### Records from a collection
lemma commutes_with_CHAR_power:
  fixes D :: "'a::field \<Rightarrow> 'a"
  assumes "CHAR('a) > 0" and comm_c: "\<And>b y. comm b D (c * y) = c * comm b D y"
  shows "D (c ^ CHAR('a) * y) = c ^ CHAR('a) * D y"
proof -
  define e where "e = c * D 1 - D c"
  have step: "D (c * y) = c * D y - e * y" for y
    using comm_c[of y 1] by (simp add: comm_def e_def algebra_simps)
  have powers: "D (c ^ Suc m * y) = c ^ Suc m * D y - of_nat (Suc m) * e * c ^ m * y" for m
  proof (induction m)
    case 0
    then show ?case using step by simp
  next
    case (Suc m)
    have "D (c ^ Suc (Suc m) * y) = c * D (c ^ Suc m * y) - e * (c ^ Suc m * y)"
      using step[of "c ^ Suc m * y"] by (simp add: mult.assoc)
    also have "\<dots> = c * (c ^ Suc m * D y - of_nat (Suc m) * e * c ^ m * y) - e * (c ^ Suc m * y)"
      by (simp only: Suc)
    also have "\<dots> = c ^ Suc (Suc m) * D y - of_nat (Suc (Suc m)) * e * c ^ Suc m * y"
      by (simp add: algebra_simps)
    finally show ?case .
  qed
  have "Suc (CHAR('a) - 1) = CHAR('a)"
    using assms(1) by simp
  then show ?thesis
    using powers[of "CHAR('a) - 1"] by simp
qed

lemma order_le_commutes_with_CHAR_powers:
  fixes D :: "'a::field \<Rightarrow> 'a"
  assumes "CHAR('a) > 0" and "comms_vanish (Suc n) D"
  shows "commutes_with_mult (range (\<lambda>c. c ^ CHAR('a) ^ n)) D"
  using assms(2)
proof (induction n arbitrary: D)
  case 0
  then show ?case
    by (auto simp: commutes_with_mult_def comms_vanish_on_Suc comm_def fun_eq_iff)
next
  case (Suc n)
  have "D ((c ^ CHAR('a) ^ n) ^ CHAR('a) * y) = (c ^ CHAR('a) ^ n) ^ CHAR('a) * D y" for c y
  proof (rule commutes_with_CHAR_power[OF assms(1)])
    fix b z
    show "comm b D (c ^ CHAR('a) ^ n * z) = c ^ CHAR('a) ^ n * comm b D z"
      using Suc.IH[of "comm b D"] Suc.prems by (simp add: comms_vanish_on_Suc commutes_with_mult_def)
  qed
  then show ?case
    by (simp add: commutes_with_mult_def power_mult[symmetric] mult.commute)
qed

lemma K_alg_gen_commutes_with_mult:
  assumes "\<forall>g\<in>G. commutes_with_mult R g" and "f \<in> K_alg_gen G"
  shows "commutes_with_mult R f"
  using assms(2)
  by induction (use assms(1) in \<open>auto simp: commutes_with_mult_def algebra_simps\<close>)

lemma fg_Diff_commutes_with_CHAR_powers:
  assumes "CHAR('a::field) > 0" and "fg_K_algebra (Diff (k :: 'a set))"
  shows "\<exists>M. \<forall>D\<in>Diff k. commutes_with_mult (range (\<lambda>c. c ^ CHAR('a) ^ M)) D"
proof -
  obtain G where G: "finite G" "G \<subseteq> Diff k" "K_alg_gen G = Diff k"
    using assms(2) unfolding fg_K_algebra_def by blast
  have "\<forall>g\<in>G. \<exists>n. comms_vanish (Suc n) g"
    using G(2) by (auto simp: Diff_iff)
  then obtain ord where ord: "\<forall>g\<in>G. comms_vanish (Suc (ord g)) g"
    by (metis bchoice)
  define M where "M = Max (ord ` G)"
  have "comms_vanish (Suc M) g" if "g \<in> G" for g
    using ord that G(1) by (auto simp: M_def intro: comms_vanish_on_mono)
  then have "\<forall>g\<in>G. commutes_with_mult (range (\<lambda>c. c ^ CHAR('a) ^ M)) g"
    using order_le_commutes_with_CHAR_powers[OF assms(1)] by blast
  then show ?thesis
    using K_alg_gen_commutes_with_mult G(3) by blast
qed

section \<open>Linear maps over K^Q are differential operators\<close>

lemma frobenius_power_add:
  assumes "CHAR('a::field) > 0"
  shows "((x::'a) + y) ^ (CHAR('a) ^ N) = x ^ (CHAR('a) ^ N) + y ^ (CHAR('a) ^ N)"
  using assms by (intro freshmans_dream') (auto simp: prime_CHAR_semidom)

lemma frobenius_power_minus:
  assumes "CHAR('a::field) > 0"
  shows "(- (x::'a)) ^ (CHAR('a) ^ N) = - (x ^ (CHAR('a) ^ N))"
proof -
  have "x ^ (CHAR('a) ^ N) + (- x) ^ (CHAR('a) ^ N) = (x + - x) ^ (CHAR('a) ^ N)"
    using frobenius_power_add[OF assms] by metis
  also have "\<dots> = 0"
    using assms by simp
  finally show ?thesis
    by (simp add: add_eq_0_iff)
qed

lemma frobenius_power_inject:
  assumes "CHAR('a::field) > 0" and "(x::'a) ^ (CHAR('a) ^ N) = y ^ (CHAR('a) ^ N)"
  shows "x = y"
proof -
  have "((x - y) + y) ^ (CHAR('a) ^ N) = (x - y) ^ (CHAR('a) ^ N) + y ^ (CHAR('a) ^ N)"
    by (rule frobenius_power_add[OF assms(1)])
  then have "(x - y) ^ (CHAR('a) ^ N) = 0"
    using assms(2) by simp
  then show ?thesis
    by simp
qed

lemma funpow_comm_eq_sum:
  "(comm a ^^ m) X y = (\<Sum>j\<le>m. of_nat (m choose j) * (-1)^j * a^(m-j) * X (a^j * y))"
proof (induction m arbitrary: y)
  case 0
  then show ?case by simp
next
  case (Suc m)
  define t where "t j = of_nat (m choose j) * (-1)^j * a^(m-j) * X (a^Suc j * y)" for j
  define t' where "t' j = of_nat (m choose Suc j) * (-1)^Suc j * a^(m-j) * X (a^Suc j * y)" for j
  have "(comm a ^^ Suc m) X y = a * (comm a ^^ m) X y - (comm a ^^ m) X (a * y)"
    by (simp add: comm_def)
  also have "(comm a ^^ m) X (a * y) = (\<Sum>j\<le>m. t j)"
    by (simp add: Suc t_def ac_simps)
  also have "a * (comm a ^^ m) X y =
      (\<Sum>j\<le>Suc m. of_nat (m choose j) * (-1)^j * a^(Suc m-j) * X (a^j * y))"
    by (simp add: Suc sum_distrib_left algebra_simps Suc_diff_le binomial_eq_0)
  also have "\<dots> = a^Suc m * X y + (\<Sum>j\<le>m. t' j)"
    by (subst sum.atMost_Suc_shift) (simp add: t'_def)
  finally have "(comm a ^^ Suc m) X y = a^Suc m * X y + (\<Sum>j\<le>m. t' j - t j)"
    by (simp add: sum_subtractf)
  also have "(\<Sum>j\<le>m. t' j - t j) =
      (\<Sum>j\<le>m. of_nat (Suc m choose Suc j) * (-1)^Suc j * a^(m-j) * X (a^Suc j * y))"
    by (rule sum.cong) (simp_all add: t_def t'_def algebra_simps)
  finally show ?case
    by (subst sum.atMost_Suc_shift) simp
qed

### Exercise description
Only a number is wanted here: how many lines of the records above contain "rule".

### Answer box
3